I believe too, that other countries can learn from the experience of BiH.

Bosnia and Herzegovina’s transition to the market economy has been undertaken in peculiar circumstances. The decentralised governing structure, with its intrusive party influence, bequeathed by Dayton has produced an exceptionally unwieldy decision-making process. In addition, the years immediately after Dayton were dominated by issues of security, reconstruction, refugee returns and primary peace-keeping. Economic reforms were deferred.

In the last two to three years, however, political priorities have changed. Against a backdrop of declining aid flows and a voter-driven need to find solutions to bread-and-butter issues such as unemployment and a nonresponsive social infrastructure, migration and brain drain, the political debate in BiH has moved decisively away from nationalist nostrums of the war years and the immediate post-war years. A new pragmatism has emerged.

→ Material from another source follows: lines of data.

lemma admissible_antiperiodic_ext:
  assumes "L > 0" and "f \<in> borel_measurable lborel" and "set_integrable lborel {0..L} (\<lambda>u. (f u)^2)"
  shows "admissible L (antiperiodic_ext L f)"
    and "AE u in lborel. u \<in> {0..L} \<longrightarrow> antiperiodic_ext L f u = f u"
proof -
  have [measurable]: "f \<in> borel_measurable borel" using assms(2) by simp
  show eq: "AE u in lborel. u \<in> {0..L} \<longrightarrow> antiperiodic_ext L f u = f u"
    using AE_lborel_singleton[of L] by eventually_elim (auto simp: antiperiodic_ext_eq[OF \<open>L > 0\<close>])
  have "(\<integral>\<^sup>+u\<in>{0..L}. ennreal ((antiperiodic_ext L f u)^2) \<partial>lborel) = (\<integral>\<^sup>+u\<in>{0..L}. ennreal ((f u)^2) \<partial>lborel)"
    by (rule nn_integral_cong_AE) (use eq in \<open>eventually_elim, auto simp: indicator_def\<close>)
  then show "admissible L (antiperiodic_ext L f)"
    using assms(3) antiperiodic_antiperiodic_ext[OF \<open>L > 0\<close>]
    by (simp add: admissible_iff set_integrable_square_iff)
qed

lemma fixed_space_char_uminus:
  assumes "fixed_space_char G L F"
  shows "fixed_space_char G L (\<lambda>\<Theta>. F (\<lambda>u. - \<Theta> u))"
proof -
  have image: "\<forall>\<phi>. L2P \<phi> \<and> fixed_by G \<phi> \<longrightarrow>
      (\<exists>\<Theta>. admissible L \<Theta> \<and> (AE p in lborel. p \<in> Pbox \<longrightarrow> \<phi> p = F \<Theta> p))"
    and fixed: "\<forall>\<Theta>. admissible L \<Theta> \<longrightarrow> L2P (F \<Theta>) \<and> fixed_by G (F \<Theta>)"
    and norm: "\<exists>c>0. \<forall>\<Theta>. admissible L \<Theta> \<longrightarrow> set_lebesgue_integral lborel Pbox (\<lambda>p. (F \<Theta> p)^2)
      = c * set_lebesgue_integral lborel {0..L} (\<lambda>u. (\<Theta> u)^2)"
    using assms unfolding fixed_space_char_def by simp_all
  have neg: "admissible L (\<lambda>u. - \<Theta> u) \<longleftrightarrow> admissible L \<Theta>" for \<Theta>
    using borel_measurable_uminus_eq[of \<Theta> lborel] by (auto simp: admissible_def minus_equation_iff)
  show ?thesis
    unfolding fixed_space_char_def
  proof (intro conjI allI impI)
    fix \<phi> assume "L2P \<phi> \<and> fixed_by G \<phi>"
    then obtain \<Theta> where "admissible L \<Theta>" "AE p in lborel. p \<in> Pbox \<longrightarrow> \<phi> p = F \<Theta> p"
      using image by blast
    then show "\<exists>\<Theta>. admissible L \<Theta> \<and> (AE p in lborel. p \<in> Pbox \<longrightarrow> \<phi> p = F (\<lambda>u. - \<Theta> u) p)"
      using neg[of "\<lambda>u. - \<Theta> u"] by (intro exI[of _ "\<lambda>u. - \<Theta> u"]) simp
  next
    fix \<Theta> assume "admissible L \<Theta>"
    then show "L2P (F (\<lambda>u. - \<Theta> u))" "fixed_by G (F (\<lambda>u. - \<Theta> u))"
      using fixed neg by blast+
  next
    obtain c where "c > 0" and c: "\<And>\<Theta>. admissible L \<Theta> \<Longrightarrow> set_lebesgue_integral lborel Pbox (\<lambda>p. (F \<Theta> p)^2)
        = c * set_lebesgue_integral lborel {0..L} (\<lambda>u. (\<Theta> u)^2)"
      using norm by blast
    have "set_lebesgue_integral lborel Pbox (\<lambda>p. (F (\<lambda>u. - \<Theta> u) p)^2)
        = c * set_lebesgue_integral lborel {0..L} (\<lambda>u. (\<Theta> u)^2)" if "admissible L \<Theta>" for \<Theta>
      using c[of "\<lambda>u. - \<Theta> u"] neg that by simp
    with \<open>c > 0\<close> show "\<exists>c>0. \<forall>\<Theta>. admissible L \<Theta> \<longrightarrow>
        set_lebesgue_integral lborel Pbox (\<lambda>p. (F (\<lambda>u. - \<Theta> u) p)^2)
          = c * set_lebesgue_integral lborel {0..L} (\<lambda>u. (\<Theta> u)^2)"
      by blast
  qed (use assms in \<open>simp add: fixed_space_char_def\<close>)+
qed

section \<open>The fixed space of H(N,a,b)\<close>

text \<open>The form \<alpha>\<rho> + \<beta>\<sigma> is constant along the direction (a,b) of the continuous part of H(N,a,b);
  its values change by odd multiples of L under the 2\<pi>-shifts of \<rho> and \<sigma> and by an even multiple
  under the generator (0, 4\<pi>/N) of the discrete part, and these multiples generate \<int>.\<close>
locale fixed_space_setting =
  fixes a b N :: int and \<alpha> \<beta> L :: real and k\<alpha> k\<beta> kN :: int
  assumes N_pos: "N \<ge> 1" and a_nonzero: "a \<noteq> 0" and \<beta>_nonzero: "\<beta> \<noteq> 0" and L_pos: "L > 0"
    and form_annihilates: "of_int a * \<alpha> + of_int b * \<beta> = 0"
    and period_\<alpha>: "2 * pi * \<alpha> = of_int k\<alpha> * L"
    and period_\<beta>: "2 * pi * \<beta> = of_int k\<beta> * L"
    and period_N: "4 * pi * \<beta> / of_int N = of_int kN * L"
    and odd_k\<alpha>: "odd k\<alpha>" and odd_k\<beta>: "odd k\<beta>" and even_kN: "even kN"
    and generate: "\<exists>m1 m2 m3. m1 * k\<alpha> + m2 * k\<beta> + m3 * kN = 1"
begin

lemma doubly_periodic_pullback:
  assumes "antiperiodic L \<Theta>"
  shows "doubly_periodic (pullback \<alpha> \<beta> \<Theta>)"
  unfolding doubly_periodic_def
proof (intro allI conjI)
  fix \<rho> \<sigma> :: real
  have "\<Theta> (x + 2 * pi * \<alpha>) = - \<Theta> x" "\<Theta> (x + 2 * pi * \<beta>) = - \<Theta> x" for x
    using antiperiodic_of_int[OF assms] period_\<alpha> period_\<beta> odd_k\<alpha> odd_k\<beta> by simp_all
  moreover have "\<alpha> * (\<rho> + 2 * pi) + \<beta> * \<sigma> = (\<alpha> * \<rho> + \<beta> * \<sigma>) + 2 * pi * \<alpha>"
    "\<alpha> * \<rho> + \<beta> * (\<sigma> + 2 * pi) = (\<alpha> * \<rho> + \<beta> * \<sigma>) + 2 * pi * \<beta>"
    by (simp_all add: algebra_simps)
  ultimately show "pullback \<alpha> \<beta> \<Theta> (\<rho> + 2 * pi, \<sigma>) = pullback \<alpha> \<beta> \<Theta> (\<rho>, \<sigma>)"
    "pullback \<alpha> \<beta> \<Theta> (\<rho>, \<sigma> + 2 * pi) = pullback \<alpha> \<beta> \<Theta> (\<rho>, \<sigma>)"
    unfolding pullback_def case_prod_conv
    by (simp_all only: vsig_half_add_2pi)
qed

definition norm_ratio :: real where
  "norm_ratio = 2 * pi * (of_int \<bar>k\<beta>\<bar> / \<bar>\<beta>\<bar>)"

lemma norm_ratio_pos: "norm_ratio > 0"
proof -
  have "k\<beta> \<noteq> 0" using odd_k\<beta> by auto
  then show ?thesis using \<beta>_nonzero by (simp add: norm_ratio_def)
qed

lemma set_nn_integral_pullback_square:
  assumes "antiperiodic L \<Theta>" and [measurable]: "\<Theta> \<in> borel_measurable borel"
  shows "(\<integral>\<^sup>+p\<in>Pbox. ennreal ((pullback \<alpha> \<beta> \<Theta> p)^2) \<partial>lborel)
    = ennreal norm_ratio * (\<integral>\<^sup>+u\<in>{0..L}. ennreal ((\<Theta> u)^2) \<partial>lborel)"
proof -
  have "(\<integral>\<^sup>+p\<in>Pbox. ennreal ((pullback \<alpha> \<beta> \<Theta> p)^2) \<partial>lborel)
      = (\<integral>\<^sup>+p\<in>Pbox. ennreal ((\<Theta> (\<alpha> * fst p + \<beta> * snd p))^2) \<partial>lborel)"
    by (rule nn_integral_cong_AE) (use AE_pullback_square[of \<alpha> \<beta> \<Theta>] in \<open>eventually_elim, simp\<close>)
  also have "\<dots> = ennreal norm_ratio * (\<integral>\<^sup>+u\<in>{0..L}. ennreal ((\<Theta> u)^2) \<partial>lborel)"
    unfolding norm_ratio_def set_nn_integral_atLeastAtMost
    using assms(1) L_pos \<beta>_nonzero period_\<beta>
    by (intro set_nn_integral_Pbox_periodic_form) (auto simp: antiperiodic_def)
  finally show ?thesis .
qed

lemma L2P_pullback:
  assumes "admissible L \<Theta>"
  shows "L2P (pullback \<alpha> \<beta> \<Theta>)"
proof -
  have anti: "antiperiodic L \<Theta>" and meas [measurable]: "\<Theta> \<in> borel_measurable borel"
    and "set_integrable lborel {0..L} (\<lambda>u. (\<Theta> u)^2)"
    using assms by (simp_all add: admissible_iff)
  then have "(\<integral>\<^sup>+u\<in>{0..L}. ennreal ((\<Theta> u)^2) \<partial>lborel) < \<infinity>"
    by (simp add: set_integrable_square_iff)
  then have "(\<integral>\<^sup>+p\<in>Pbox. ennreal ((pullback \<alpha> \<beta> \<Theta> p)^2) \<partial>lborel) < \<infinity>"
    by (simp add: set_nn_integral_pullback_square[OF anti meas] ennreal_mult_less_top)
  then show ?thesis
    using doubly_periodic_pullback[OF anti]
    by (simp add: L2P_def doubly_periodic_def set_integrable_square_iff[OF Pbox_sets])
qed

lemma set_integral_pullback_square:
  assumes "admissible L \<Theta>"
  shows "set_lebesgue_integral lborel Pbox (\<lambda>p. (pullback \<alpha> \<beta> \<Theta> p)^2)
       = norm_ratio * set_lebesgue_integral lborel {0..L} (\<lambda>u. (\<Theta> u)^2)"
proof -
  have anti: "antiperiodic L \<Theta>" and meas [measurable]: "\<Theta> \<in> borel_measurable borel"
    using assms by (simp_all add: admissible_iff)
  have "set_lebesgue_integral lborel Pbox (\<lambda>p. (pullback \<alpha> \<beta> \<Theta> p)^2)
      = enn2real (\<integral>\<^sup>+p\<in>Pbox. ennreal ((pullback \<alpha> \<beta> \<Theta> p)^2) \<partial>lborel)"
    by (rule set_integral_square[OF Pbox_sets]) simp
  also have "\<dots> = norm_ratio * enn2real (\<integral>\<^sup>+u\<in>{0..L}. ennreal ((\<Theta> u)^2) \<partial>lborel)"
    using norm_ratio_pos by (simp add: set_nn_integral_pullback_square[OF anti meas] enn2real_mult)
  also have "enn2real (\<integral>\<^sup>+u\<in>{0..L}. ennreal ((\<Theta> u)^2) \<partial>lborel)
      = set_lebesgue_integral lborel {0..L} (\<lambda>u. (\<Theta> u)^2)"
    by (rule set_integral_square[symmetric]) simp_all
  finally show ?thesis .
qed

There is a window of opportunity for fundamental change. But it is a window that can still close – which is why the political leadership of BiH must succeed in its efforts to turn the privatisation process around and create a business environment that welcomes foreign and domestic investment. There is a secret out there and it is that citizens of BiH heretofore have hesitated to invest in the future of their own country.

The outlook has considerably improved. In just the last four months, specialized Commissions established by the High Representative to forge a political consensus on tax reform, defence reform and reform of the intelligence services have successfully drafted modern, European-standard legislation. The legislation drawn up by the Commission on Indirect Tax Policy – now being considered by the BiH parliament — will establish a unified customs administration and a countrywide VAT system, and will at last give BiH the kind of modern fiscal system without which sustained economic development is not possible. In addition there are now intergovernmental working groups addressing such issues as sales tax, public debt, agricultural reform, and privatization itself. These working groups are led by representatives from the International Community, but the experts are all local-government representatives working side by side with their counterparts from the other Entity or State authorities.

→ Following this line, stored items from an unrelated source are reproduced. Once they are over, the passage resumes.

(* Let $\tau\ge1$ and consider two candidates $P,Q$, where only the preferred candidate of each voter with preference strength at least $\tau$ is known. Weighted Majority Rule 3 (defined in the context) has distortion at most $\max\{\frac{\tau+2}{\tau},\tau\}$, and no deterministic mechanism using only this information can achieve a smaller worst-case distortion.
   Context: Voters $N=\{1,\dots,n\}$ and candidates are points of an arbitrary metric space $(X,d)$. Voter $i$ prefers $P$ to $Q$ only if $d(i,P)\le d(i,Q)$; $SC(Y)=\sum_{i\in N}d(i,Y)$; distortion of a winner is its social cost divided by the minimum social cost over the candidates, and a mechanism's distortion is the supremum over instances. Let $A=\{i: d(i,Q)/d(i,P)\ge\tau\}$, $B=\{j: d(j,P)/d(j,Q)\ge\tau\}$, and $C$ the remaining voters; the available information consists only of the sets $A$ and $B$ (nothing is known about voters in $C$). Weighted Majority Rule 3: voters in $A\cup B$ get weight $1$, voters in $C$ weight $0$; select $P$ if $|A|\ge|B|$ and $Q$ otherwise. *)

theory Defs
  imports Complex_Main
begin

definition metric_on :: "'a set \<Rightarrow> ('a \<Rightarrow> 'a \<Rightarrow> real) \<Rightarrow> bool" where
  "metric_on X d \<longleftrightarrow>
     (\<forall>x\<in>X. \<forall>y\<in>X. 0 \<le> d x y \<and> (d x y = 0 \<longleftrightarrow> x = y) \<and> d x y = d y x) \<and>
     (\<forall>x\<in>X. \<forall>y\<in>X. \<forall>z\<in>X. d x z \<le> d x y + d y z)"

definition SC :: "('a \<Rightarrow> 'a \<Rightarrow> real) \<Rightarrow> nat \<Rightarrow> (nat \<Rightarrow> 'a) \<Rightarrow> 'a \<Rightarrow> real" where
  "SC d n v Y = (\<Sum>i=1..n. d (v i) Y)"

text \<open>Voters whose preference for P has strength at least tau:
  d(i,Q)/d(i,P) \<ge> tau, written multiplicatively (d(i,P)=0 counts as infinite ratio).\<close>
definition setA :: "real \<Rightarrow> ('a \<Rightarrow> 'a \<Rightarrow> real) \<Rightarrow> nat \<Rightarrow> (nat \<Rightarrow> 'a) \<Rightarrow> 'a \<Rightarrow> 'a \<Rightarrow> nat set" where
  "setA \<tau> d n v P Q = {i \<in> {1..n}. d (v i) Q \<ge> \<tau> * d (v i) P}"

definition setB :: "real \<Rightarrow> ('a \<Rightarrow> 'a \<Rightarrow> real) \<Rightarrow> nat \<Rightarrow> (nat \<Rightarrow> 'a) \<Rightarrow> 'a \<Rightarrow> 'a \<Rightarrow> nat set" where
  "setB \<tau> d n v P Q = {j \<in> {1..n}. d (v j) P \<ge> \<tau> * d (v j) Q}"

text \<open>Weighted Majority Rule 3: weight 1 on A \<union> B, 0 on C; select P iff |A| \<ge> |B|.\<close>
definition WMR3 :: "real \<Rightarrow> ('a \<Rightarrow> 'a \<Rightarrow> real) \<Rightarrow> nat \<Rightarrow> (nat \<Rightarrow> 'a) \<Rightarrow> 'a \<Rightarrow> 'a \<Rightarrow> 'a" where
  "WMR3 \<tau> d n v P Q =
     (if card (setA \<tau> d n v P Q) \<ge> card (setB \<tau> d n v P Q) then P else Q)"

definition distortion :: "('a \<Rightarrow> 'a \<Rightarrow> real) \<Rightarrow> nat \<Rightarrow> (nat \<Rightarrow> 'a) \<Rightarrow> 'a \<Rightarrow> 'a \<Rightarrow> 'a \<Rightarrow> real" where
  "distortion d n v P Q W = SC d n v W / min (SC d n v P) (SC d n v Q)"

text \<open>Valid valid_instance: n voters and candidates P, Q are points of the metric space (X,d),
  with positive optimal social cost (so that the distortion ratio is defined).\<close>
definition valid_instance :: "'a set \<Rightarrow> ('a \<Rightarrow> 'a \<Rightarrow> real) \<Rightarrow> nat \<Rightarrow> (nat \<Rightarrow> 'a) \<Rightarrow> 'a \<Rightarrow> 'a \<Rightarrow> bool" where
  "valid_instance X d n v P Q \<longleftrightarrow> metric_on X d \<and> v ` {1..n} \<subseteq> X \<and> P \<in> X \<and> Q \<in> X \<and>
     0 < min (SC d n v P) (SC d n v Q)"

This process I would describe as being part of a strategic move “from mantras to mechanics”.

It’s all very well to say, yes, we welcome inward investment and we are prepared to privatise. But delivering the necessary legislative and administrative reforms to make this happen will require real political will.

I believe the BiH authorities are beginning to develop that political courage and willpower.

There has been a similar development in the area of refugee return, and this has a direct bearing on the country’s capacity and willingness to effect economic reform. In the last two years the pace of refugee return has picked up sharply, as the domestic authorities have clearly embraced the need to fulfil their mandatory Dayton obligations and facilitate returns. The momentum of return is self-sustaining – the more people return, the easier it becomes for more people to return. To a great extent, returns are no longer being held up by bureaucratic or political obstruction. The main problem is the absence of employment opportunities and social welfare infrastructure in, predominantly rural, return areas.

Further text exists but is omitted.